As for the metabolites, former studies proposed that MET regulated the production of short-chain fatty acid, butyrate, propionate,26 42 bile acid glycoursodeoxycholic acid,37 and agmatine.27 Additionally, a microbial metabolite (imidazole propionate) inhibited the effect of MET.43 In this study, we found that 2-deoxytetronic acid, the dominant metabolite correlated with gut microbiota, was depleted after treatment with MET. 2-Deoxytetronic acid is an endogenous short-chain polyhydroxymonocarboxylic acid that has been reported to be positively correlated with post-MET glucose levels in the OGTT.44 Besides, methyl jasmonate 4 may be a plant hormone based on the information from ChEBI45 (ChEBI ID:15929), which we thought might originate from the feed. Though methyl jasmonate can exert anti-inflammatory and antioxidant action,46 it was unclear why the content of methyl jasmonate 4 decreased after MET intervention. Further research applying the targeted metabolomics might better clarify the phenomenon. As for the oxamic acid, it might also come from the feed. However, high-fat and high-sugar diet can interfere with the gut microbial oxalate metabolism.47 Thus, the level of oxamic acid might decrease after MET restores the gut microbiota.

A limitation of this study is the lack of stool sample collection at the beginning of the experiment and at the end of model establishment; however, the control group may ease the influence of the previous one. More research using gavage of single species or fecal microbiota transplantation is needed to determine the regulatory network.

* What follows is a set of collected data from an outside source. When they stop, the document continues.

lemma bij_betw_insert_at_RS:
  "bij_betw (\<lambda>(xs, j). insert_at j (Suc m) xs) (SIGMA xs:RS m. admissible_gaps xs) (RS (Suc m))"
proof (rule bij_betw_imageI)
  show "inj_on (\<lambda>(xs, j). insert_at j (Suc m) xs) (SIGMA xs:RS m. admissible_gaps xs)"
  proof (rule inj_onI, clarsimp)
    fix xs j ys i
    assume "insert_at j (Suc m) xs = insert_at i (Suc m) ys" "xs \<in> RS m" "ys \<in> RS m"
      "j \<in> admissible_gaps xs" "i \<in> admissible_gaps ys"
    then show "xs = ys \<and> j = i"
      using insert_at_inject[of j "Suc m" xs i ys] RS_D[of xs m] RS_D[of ys m]
      by (auto simp: admissible_gaps_def)
  qed
  show "(\<lambda>(xs, j). insert_at j (Suc m) xs) ` (SIGMA xs:RS m. admissible_gaps xs) = RS (Suc m)"
  proof (rule set_eqI, rule iffI)
    fix s
    assume "s \<in> (\<lambda>(xs, j). insert_at j (Suc m) xs) ` (SIGMA xs:RS m. admissible_gaps xs)"
    then obtain xs j where "s = insert_at j (Suc m) xs" "xs \<in> RS m" "j \<in> admissible_gaps xs"
      by auto
    then show "s \<in> RS (Suc m)"
      using insert_at_RS_iff[of xs m j] RS_D(3)[of xs m] by (auto simp: admissible_gaps_def)
  next
    fix s
    assume "s \<in> RS (Suc m)"
    then obtain xs j where "xs \<in> RS m" "j \<le> m" "s = insert_at j (Suc m) xs"
      by (rule RS_SucE)
    then show "s \<in> (\<lambda>(xs, j). insert_at j (Suc m) xs) ` (SIGMA xs:RS m. admissible_gaps xs)"
      using \<open>s \<in> RS (Suc m)\<close> insert_at_RS_iff[of xs m j] by force
  qed
qed

lemma card_RS_Suc:
  "card {s \<in> RS (Suc m). P s} = (\<Sum>xs\<in>RS m. card {j \<in> admissible_gaps xs. P (insert_at j (Suc m) xs)})"
proof -
  let ?ins = "\<lambda>(xs, j). insert_at j (Suc m) xs"
  have "bij_betw ?ins {p \<in> (SIGMA xs:RS m. admissible_gaps xs). P (?ins p)} {s \<in> RS (Suc m). P s}"
    by (rule bij_betw_Collect[OF bij_betw_insert_at_RS]) simp
  moreover have "{p \<in> (SIGMA xs:RS m. admissible_gaps xs). P (?ins p)} =
      (SIGMA xs:RS m. {j \<in> admissible_gaps xs. P (insert_at j (Suc m) xs)})"
    by (auto simp: Sigma_def)
  ultimately have "card {s \<in> RS (Suc m). P s} =
      card (SIGMA xs:RS m. {j \<in> admissible_gaps xs. P (insert_at j (Suc m) xs)})"
    by (simp add: bij_betw_same_card)
  then show ?thesis
    by simp
qed

definition des_preserving_gaps :: "nat list \<Rightarrow> nat set" where
  "des_preserving_gaps xs = insert (length xs) (Suc ` descents xs)"

lemma des_insert_at_admissible_gap:
  assumes "\<forall>y\<in>set xs. y < x" and "j \<in> admissible_gaps xs"
  shows "des (insert_at j x xs) = (if j \<in> des_preserving_gaps xs then des xs else Suc (des xs))"
proof -
  have "j \<le> length xs"
    using assms(2) by (simp add: admissible_gaps_def)
  moreover have "j < length xs" if "j \<in> Suc ` descents xs"
    using that by (auto dest: Suc_descent_less_length)
  ultimately show ?thesis
    using des_insert_at[OF _ assms(1), of j] length_notin_Suc_descents
    by (auto simp: des_preserving_gaps_def)
qed

lemma des_preserving_gaps_subset:
  assumes "\<not> has_double_descent xs"
  shows "des_preserving_gaps xs \<subseteq> admissible_gaps xs"
  using assms Suc_descent_less_length[of "length xs" xs]
  by (auto simp: des_preserving_gaps_def admissible_gaps_def has_double_descent_iff_descents
      dest: Suc_descent_less_length)

lemma card_des_preserving_gaps: "card (des_preserving_gaps xs) = Suc (des xs)"
  using length_notin_Suc_descents
  by (simp add: des_preserving_gaps_def card_image des_eq_card_descents)

lemma card_admissible_gaps: "card (admissible_gaps xs) + des xs = Suc (length xs)"
proof -
  have "admissible_gaps xs = {..length xs} - descents xs"
    by (auto simp: admissible_gaps_def)
  moreover have "descents xs \<subseteq> {..length xs}"
    by (auto dest: Suc_descent_less_length)
  ultimately show ?thesis
    using card_mono[of "{..length xs}" "descents xs"]
    by (simp add: card_Diff_subset des_eq_card_descents)
qed

lemma card_admissible_gaps_des:
  assumes "\<not> has_double_descent xs" and "\<forall>y\<in>set xs. y < x"
  shows "int (card {j \<in> admissible_gaps xs. des (insert_at j x xs) = k}) =
    of_bool (k = des xs) * (int (des xs) + 1) +
    of_bool (k = des xs + 1) * (int (length xs) - 2 * int (des xs))"
proof -
  let ?G = "admissible_gaps xs" and ?T = "des_preserving_gaps xs"
  have "?T \<subseteq> ?G"
    using des_preserving_gaps_subset[OF assms(1)] .
  then have "card (?G - ?T) + 2 * des xs = length xs"
    using card_admissible_gaps[of xs] card_des_preserving_gaps[of xs] card_mono[of ?G ?T]
    by (simp add: card_Diff_subset finite_subset)
  moreover have "{j \<in> ?G. des (insert_at j x xs) = k} =
      (if k = des xs then ?T else if k = des xs + 1 then ?G - ?T else {})"
    using des_insert_at_admissible_gap[OF assms(2)] \<open>?T \<subseteq> ?G\<close> by (auto split: if_splits)
  ultimately show ?thesis
    by (auto simp: card_des_preserving_gaps)
qed

lemma RS_nth_0_neq_nth_1:
  assumes "xs \<in> RS n" and "2 \<le> n"
  shows "xs ! 0 \<noteq> xs ! 1"
  using RS_D(2,3)[OF assms(1)] assms(2) by (simp add: nth_eq_iff_index_eq)

text \<open>Of the admissible gaps, only gap 0 destroys an initial ascent (it adds a descent), and only
  gap 1 turns an initial descent into an ascent (it keeps the number of descents).\<close>

lemma card_ascent_insertions:
  assumes "xs \<in> RS m" and "2 \<le> m"
  defines "s \<equiv> \<lambda>j. insert_at j (Suc m) xs"
  shows "card {j \<in> admissible_gaps xs. s j ! 0 < s j ! 1 \<and> des (s j) = k} +
      of_bool (xs ! 0 < xs ! 1 \<and> k = des xs + 1) =
    (if xs ! 0 < xs ! 1 then card {j \<in> admissible_gaps xs. des (s j) = k} else of_bool (k = des xs))"
proof -
  note xs = RS_D[OF assms(1)]
  have less: "\<forall>y\<in>set xs. y < Suc m"
    using xs(1) by auto
  moreover have "0 < length xs" "1 < length xs"
    using xs(3) assms(2) by auto
  ultimately have "xs ! 0 < Suc m" "xs ! 1 < Suc m"
    by (meson nth_mem)+
  then have ascent_iff: "s j ! 0 < s j ! 1 \<longleftrightarrow> j = 1 \<or> (2 \<le> j \<and> xs ! 0 < xs ! 1)" if "j \<le> m" for j
    using that xs(3) by (cases "j = 0 \<or> j = 1") (auto simp: s_def nth_insert_at)
  have gap_le: "j \<le> m" if "j \<in> admissible_gaps xs" for j
    using that xs(3) by (simp add: admissible_gaps_def)
  show ?thesis
  proof (cases "xs ! 0 < xs ! 1")
    case True
    then have "0 \<in> admissible_gaps xs"
      by (simp add: admissible_gaps_def descents_def)
    moreover have "des (s 0) = des xs + 1"
      using des_insert_at[OF _ less, of 0] xs(3) assms(2) by (simp add: s_def)
    moreover have "{j \<in> admissible_gaps xs. s j ! 0 < s j ! 1 \<and> des (s j) = k} =
        {j \<in> admissible_gaps xs. des (s j) = k} - {0}"
      using ascent_iff gap_le True by auto
    moreover have "0 \<in> {j \<in> admissible_gaps xs. des (s j) = k} \<longleftrightarrow> k = des xs + 1"
      using calculation(1,2) by auto
    ultimately show ?thesis
      using True card.remove[of "{j \<in> admissible_gaps xs. des (s j) = k}" 0] by auto
  next
    case False
    then have "0 \<in> descents xs"
      using RS_nth_0_neq_nth_1[OF assms(1,2)] xs(3) assms(2) by (simp add: descents_def)
    then have "1 \<in> admissible_gaps xs"
      using RS_no_double_descent[OF assms(1)] xs(3) assms(2)
      by (auto simp: admissible_gaps_def has_double_descent_iff_descents)
    moreover have "des (s 1) = des xs"
      using des_insert_at[OF _ less, of 1] \<open>0 \<in> descents xs\<close> xs(3) assms(2) by (simp add: s_def)
    moreover have "{j \<in> admissible_gaps xs. s j ! 0 < s j ! 1 \<and> des (s j) = k} =
        (if k = des xs then {1} else {})"
      using ascent_iff gap_le False calculation by auto
    then show ?thesis
      using False by simp
  qed
qed

definition S_minus :: "nat \<Rightarrow> nat \<Rightarrow> nat" where
  "S_minus n k = card {xs \<in> RS_minus n. des xs = k}"

definition S_plus :: "nat \<Rightarrow> nat \<Rightarrow> nat" where
  "S_plus n k = card {xs \<in> RS_plus n. des xs = k}"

This study was designed to determine the effects of MET on the gut microbial system. The most obvious finding of this study is that MET may restore intestinal homeostasis and ameliorate host metabolism by inhibiting B. bacterium M6, P. distasonis, and B. acidifaciens; promoting B. vulgatus and B. fragilis; and restricting the production of 2-deoxytetronic acid. Overall, these findings suggest a role for the gut microbial system in promoting the therapeutic effects of MET on glucose and lipid regulation. The insights gained from this study may assist in fully understanding the mechanism of MET in treating metabolic diseases, especially the involvement of the gut microbiota.